7. The image blur correction device according to claim 6, characterized in that the generating means sets the constant time interval such that the constant time interval does not become smaller than a predetermined value.

8. The image blur correction device according to claim 3, characterized in that the acquisition means acquires information on the pitch, yaw, and roll movements of the imaging device; the generation means generates three rotation matrices representing the geometric transformations due to the pitch, yaw, and roll movements of the imaging device, respectively; further generates a geometric transformation matrix representing the amount of blur in the image obtained by combining the three rotation matrices at regular time intervals; and the integration means integrates the plurality of geometric transformation matrices generated at regular time intervals over a predetermined time to generate the integrated geometric transformation matrix.

9. The image blur correction device according to claim 8, characterized in that the generating means increases the constant time interval when at least two of the pitch, yaw, and roll movements of the imaging device are less than a predetermined amount, compared to when all of the pitch, yaw, and roll movements are greater than the predetermined amount.

10. The image blur correction device according to claim 9, characterized in that the generating means sets the constant time interval such that the sum of the error in the geometric transformation matrix resulting from the synthesis of the three rotation matrices and the error resulting from the integration of the geometric transformation matrices is minimized.

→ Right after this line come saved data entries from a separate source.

(* Let $f$ be a pre-subgroup of $V$ and $G_f=\{x\in S: xe\in H_f\}$. Then $$G_f=\{L(\omega_{\xi,f})^*:\xi\in\mathcal H\}=\{x\in S: x\rho_f=\rho_fx\}=\{x\in S:\delta(x)(1\otimes L_f)=x\otimes L_f\},$$ and $G_f$ is a $*$-stable left coideal subalgebra of $S$, i.e. a unital $*$-subalgebra with $\delta(G_f)\subset S\otimes G_f$.
   Context: Let $\mathcal H$ be a finite-dimensional Hilbert space (inner products linear in the second variable) and $V$ a multiplicative unitary on $\mathcal H$ ($V_{12}V_{13}V_{23}=V_{23}V_{12}$) of multiplicity 1 (one-dimensional space of fixed vectors $\xi$, i.e. $V(\xi\otimes\eta)=\xi\otimes\eta$ for all $\eta$). Fix a unit fixed vector $e$. $\omega_{\xi,\eta}(T)=\langle\xi,T\eta\rangle$; $L(\omega)=(\omega\otimes\mathrm{id})(V)$, $\rho(\omega)=(\mathrm{id}\otimes\omega)(V)$; $S=\{L(\omega):\omega\in\mathcal L(\mathcal H)^*\}$; $\delta(x)=V(x\otimes1)V^*$ for $x\in S$ (so $\delta(S)\subset S\otimes S$). A pre-subgroup is $f\in\mathcal H$ with $\|f\|=1$, $\langle f,e\rangle>0$, $V(f\otimes f)=f\otimes f$; $L_f=L(\omega_{f,f})$, $\rho_f=\rho(\omega_{f,f})$; $H_f=\{\eta:V(\eta\otimes f)=\eta\otimes f\}$. *)

theory Defs
  imports Complex_Main
begin

text \<open>Finite-dimensional Hilbert space H modelled as l2 of a finite index type 'i
  (vectors 'i => complex, standard inner product, conjugate-linear in the first
  variable).\<close>

type_synonym 'i vec = "'i \<Rightarrow> complex"
type_synonym 'i op = "'i \<Rightarrow> 'i \<Rightarrow> complex"

definition inner_v :: "'i::finite vec \<Rightarrow> 'i vec \<Rightarrow> complex" where
  "inner_v x y = (\<Sum>i\<in>UNIV. cnj (x i) * y i)"

definition app :: "'i::finite op \<Rightarrow> 'i vec \<Rightarrow> 'i vec" where
  "app A x = (\<lambda>i. \<Sum>j\<in>UNIV. A i j * x j)"

definition comp_op :: "'i::finite op \<Rightarrow> 'i op \<Rightarrow> 'i op" where
  "comp_op A B = (\<lambda>i k. \<Sum>j\<in>UNIV. A i j * B j k)"

definition adj :: "'i op \<Rightarrow> 'i op" where
  "adj A = (\<lambda>i j. cnj (A j i))"

definition id_op :: "'i op" where
  "id_op = (\<lambda>i j. if i = j then 1 else 0)"

definition unitary_op :: "'i::finite op \<Rightarrow> bool" where
  "unitary_op U \<longleftrightarrow> comp_op (adj U) U = id_op \<and> comp_op U (adj U) = id_op"

definition tensor_v :: "'i vec \<Rightarrow> 'j vec \<Rightarrow> ('i \<times> 'j) vec" where
  "tensor_v x y = (\<lambda>(i, j). x i * y j)"

definition tensor_op :: "'i op \<Rightarrow> 'j op \<Rightarrow> ('i \<times> 'j) op" where
  "tensor_op A B = (\<lambda>(i, j) (k, l). A i k * B j l)"

definition leg12 :: "('i \<times> 'i) op \<Rightarrow> ('i \<times> 'i \<times> 'i) op" where
  "leg12 V = (\<lambda>(i, j, k) (i', j', k'). V (i, j) (i', j') * (if k = k' then 1 else 0))"

definition leg13 :: "('i \<times> 'i) op \<Rightarrow> ('i \<times> 'i \<times> 'i) op" where
  "leg13 V = (\<lambda>(i, j, k) (i', j', k'). V (i, k) (i', k') * (if j = j' then 1 else 0))"

definition leg23 :: "('i \<times> 'i) op \<Rightarrow> ('i \<times> 'i \<times> 'i) op" where
  "leg23 V = (\<lambda>(i, j, k) (i', j', k'). (if i = i' then 1 else 0) * V (j, k) (j', k'))"

definition multiplicative_unitary :: "('i::finite \<times> 'i) op \<Rightarrow> bool" where
  "multiplicative_unitary V \<longleftrightarrow> unitary_op V \<and>
     comp_op (comp_op (leg12 V) (leg13 V)) (leg23 V) = comp_op (leg23 V) (leg12 V)"

definition lin_functional :: "('i op \<Rightarrow> complex) \<Rightarrow> bool" where
  "lin_functional \<omega> \<longleftrightarrow>
     (\<forall>A B. \<omega> (\<lambda>i j. A i j + B i j) = \<omega> A + \<omega> B) \<and>
     (\<forall>c A. \<omega> (\<lambda>i j. c * A i j) = c * \<omega> A)"

definition omega :: "'i::finite vec \<Rightarrow> 'i vec \<Rightarrow> 'i op \<Rightarrow> complex" where
  "omega \<xi> \<eta> T = inner_v \<xi> (app T \<eta>)"

text \<open>Slice maps: L(w) = (w (x) id)(V), rho(w) = (id (x) w)(V).\<close>
definition Lmap :: "('i \<times> 'i) op \<Rightarrow> ('i op \<Rightarrow> complex) \<Rightarrow> 'i op" where
  "Lmap V \<omega> = (\<lambda>j l. \<omega> (\<lambda>i k. V (i, j) (k, l)))"

definition rhomap :: "('i \<times> 'i) op \<Rightarrow> ('i op \<Rightarrow> complex) \<Rightarrow> 'i op" where
  "rhomap V \<omega> = (\<lambda>i k. \<omega> (\<lambda>j l. V (i, j) (k, l)))"

definition Salg :: "('i \<times> 'i) op \<Rightarrow> 'i op set" where
  "Salg V = {Lmap V \<omega> | \<omega>. lin_functional \<omega>}"

definition delta :: "('i::finite \<times> 'i) op \<Rightarrow> 'i op \<Rightarrow> ('i \<times> 'i) op" where
  "delta V x = comp_op (comp_op V (tensor_op x id_op)) (adj V)"

definition fixed_vec :: "('i::finite \<times> 'i) op \<Rightarrow> 'i vec \<Rightarrow> bool" where
  "fixed_vec V \<xi> \<longleftrightarrow> (\<forall>\<eta>. app V (tensor_v \<xi> \<eta>) = tensor_v \<xi> \<eta>)"

definition pre_subgroup :: "('i::finite \<times> 'i) op \<Rightarrow> 'i vec \<Rightarrow> 'i vec \<Rightarrow> bool" where
  "pre_subgroup V e f \<longleftrightarrow> inner_v f f = 1 \<and> inner_v f e \<in> \<real> \<and> Re (inner_v f e) > 0 \<and>
     app V (tensor_v f f) = tensor_v f f"

definition L_f :: "('i::finite \<times> 'i) op \<Rightarrow> 'i vec \<Rightarrow> 'i op" where
  "L_f V f = Lmap V (omega f f)"

definition rho_f :: "('i::finite \<times> 'i) op \<Rightarrow> 'i vec \<Rightarrow> 'i op" where
  "rho_f V f = rhomap V (omega f f)"

definition H_f :: "('i::finite \<times> 'i) op \<Rightarrow> 'i vec \<Rightarrow> 'i vec set" where
  "H_f V f = {\<eta>. app V (tensor_v \<eta> f) = tensor_v \<eta> f}"

definition G_f :: "('i::finite \<times> 'i) op \<Rightarrow> 'i vec \<Rightarrow> 'i vec \<Rightarrow> 'i op set" where
  "G_f V e f = {x \<in> Salg V. app x e \<in> H_f V f}"

definition alg_tensor :: "'i op set \<Rightarrow> 'j op set \<Rightarrow> ('i \<times> 'j) op set" where
  "alg_tensor A B = {T. \<exists>(n::nat) c a b. (\<forall>k<n. a k \<in> A \<and> b k \<in> B) \<and>
      T = (\<lambda>p q. \<Sum>k<n. c k * tensor_op (a k) (b k) p q)}"

definition star_subalgebra :: "'i::finite op set \<Rightarrow> bool" where
  "star_subalgebra G \<longleftrightarrow> id_op \<in> G \<and>
     (\<forall>x\<in>G. \<forall>y\<in>G. (\<lambda>i j. x i j + y i j) \<in> G) \<and>
     (\<forall>c. \<forall>x\<in>G. (\<lambda>i j. c * x i j) \<in> G) \<and>
     (\<forall>x\<in>G. \<forall>y\<in>G. comp_op x y \<in> G) \<and>
     (\<forall>x\<in>G. adj x \<in> G)"

end

theory Submission
  imports Defs
begin

text \<open>
  In finite dimensions the slice \<open>T = (Tr \<otimes> id)(V)\<close> satisfies \<open>T\<^sup>2 = (dim H) T\<close>, so every vector in
  its range is fixed on the right by \<open>V\<close>; multiplicity one makes \<open>\<rho>\<^sub>e\<close> the projection onto \<open>\<complex> e\<close>,
  whence \<open>\<langle>e, T e\<rangle> = Tr \<rho>\<^sub>e = 1\<close>. With \<open>c = T e\<close> the pentagon equation gives the reconstruction
  \<open>x = L(\<omega>\<^bsub>c, x e\<^esub>)\<close> for every \<open>x \<in> S\<close>, and it shows that products and adjoints of slices
  \<open>L(\<omega>\<^bsub>a, b\<^esub>)\<close> are again slices and that \<open>L(\<omega>\<^bsub>a, b\<^esub>)\<close> maps \<open>H\<^sub>f\<close> into itself when \<open>b \<in> H\<^sub>f\<close>.
  Hence \<open>G\<^sub>f\<close> consists of the \<open>L(\<omega>\<^bsub>\<xi>, f\<^esub>)\<close> and is closed under adjoints; as \<open>\<rho>\<^sub>f\<close> is the
  orthogonal projection onto \<open>H\<^sub>f\<close>, \<open>G\<^sub>f\<close> is the part of \<open>S\<close> commuting with \<open>\<rho>\<^sub>f\<close>. Finally
  \<open>\<delta>(L(\<omega>\<^bsub>c, \<eta>\<^esub>)) = \<Sum>\<^sub>m L(\<omega>\<^bsub>c, e\<^sub>m\<^esub>) \<otimes> L(\<omega>\<^bsub>e\<^sub>m, \<eta>\<^esub>)\<close>, whose right legs lie in \<open>G\<^sub>f\<close>
  when \<open>\<eta> \<in> H\<^sub>f\<close>, and \<open>\<delta>(x)\<close> acts as \<open>x \<otimes> 1\<close> on \<open>H \<otimes> L\<^sub>f H\<close> exactly when \<open>x e \<in> H\<^sub>f\<close>.
\<close>

lemma if_one_mult [simp]: "(if P then (1::complex) else 0) * a = (if P then a else 0)"
  by simp

lemma mult_if_one [simp]: "a * (if P then (1::complex) else 0) = (if P then a else 0)"
  by simp

lemma if_zero_mult [simp]: "(if P then a else (0::complex)) * b = (if P then a * b else 0)"
  by simp

lemma mult_if_zero [simp]: "b * (if P then a else (0::complex)) = (if P then b * a else 0)"
  by simp

lemma sum_if_zero [simp]: "(\<Sum>x\<in>A. if P then f x else (0::complex)) = (if P then (\<Sum>x\<in>A. f x) else 0)"
  by simp

definition basis_vec :: "'i \<Rightarrow> 'i vec" where
  "basis_vec i = (\<lambda>j. if j = i then 1 else 0)"

lemma app_basis_vec: "app A (basis_vec k) = (\<lambda>i. A i k)"
  by (simp add: app_def basis_vec_def)

lemma inner_basis_vec_left: "inner_v (basis_vec i) x = x i"
  by (simp add: inner_v_def basis_vec_def if_distrib[of cnj] cong: if_cong)

lemma inner_basis_vec_right: "inner_v x (basis_vec i) = cnj (x i)"
  by (simp add: inner_v_def basis_vec_def)

lemma inner_basis_vec_self: "inner_v (basis_vec i) (basis_vec i) = 1"
  unfolding inner_basis_vec_left by (simp add: basis_vec_def)

lemma vec_basis_expansion: "(w::'i::finite vec) = (\<lambda>x. \<Sum>q\<in>UNIV. w q * basis_vec q x)"
  by (rule ext) (simp add: basis_vec_def)

lemma vec_eqI: "(\<And>a. inner_v a x = inner_v a y) \<Longrightarrow> x = y"
proof
  fix i assume "\<And>a. inner_v a x = inner_v a y"
  from this[of "basis_vec i"] show "x i = y i" by (simp add: inner_basis_vec_left)
qed

lemma op_eqI: "(\<And>x. app A x = app B x) \<Longrightarrow> A = B"
proof (intro ext)
  fix i k assume "\<And>x. app A x = app B x"
  from fun_cong[OF this[of "basis_vec k"], of i] show "A i k = B i k"
    by (simp add: app_basis_vec)
qed

lemma app_comp_op: "app (comp_op A B) x = app A (app B x)"
  unfolding app_def comp_op_def
  by (rule ext) (simp add: sum_distrib_left sum_distrib_right mult.assoc, rule sum.swap)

11. The image blur correction device according to claim 1 or 3, characterized in that the predetermined time is the duration of one frame.

12. The image blur correction device according to claim 3, characterized in that the generating means sets a certain time interval such that the calculation of the image blur correction amount is completed within the period of one frame, in accordance with the complexity of the method for calculating the image blur correction amount in the geometric deformation means.

13. A control method for an image blur correction device, comprising: an acquisition step of acquiring information on the movement of an imaging device; a generation step of generating geometric transformation matrices representing the amount of image blur at regular time intervals based on the acquired information on the movement of the imaging device; an integration step of accumulating a plurality of geometric transformation matrices generated at regular time intervals over a predetermined time to generate an integrated geometric transformation matrix; and a geometric deformation step of performing geometric deformation processing on an image captured by the imaging device based on the integrated geometric transformation matrix to correct the image blur, wherein in the generation step, the regular time interval is set based on information on the amount of error of the geometric transformation matrices stored in advance in a storage means.

14. A control method for an image blur correction device, comprising: an acquisition step of acquiring information on the movement of an imaging device; a generation step of generating geometric transformation matrices representing the amount of image blur at regular time intervals based on the acquired information on the movement of the imaging device; an integration step of integrating a plurality of geometric transformation matrices generated at regular time intervals over a predetermined time to generate an integrated geometric transformation matrix; and a geometric deformation step of performing geometric deformation processing on an image captured by the imaging device based on the integrated geometric transformation matrix to correct image blur, wherein in the generation step, the regular time interval is set based on the magnitude of the movement of the imaging device.

15. A program for causing a computer to execute each step of the control method for an image blur correction device according to claim 13 or claim 14.

16. A computer-readable storage medium storing a program for causing a computer to execute each step of the control method for an image blur correction device according to claim 13 or claim 14.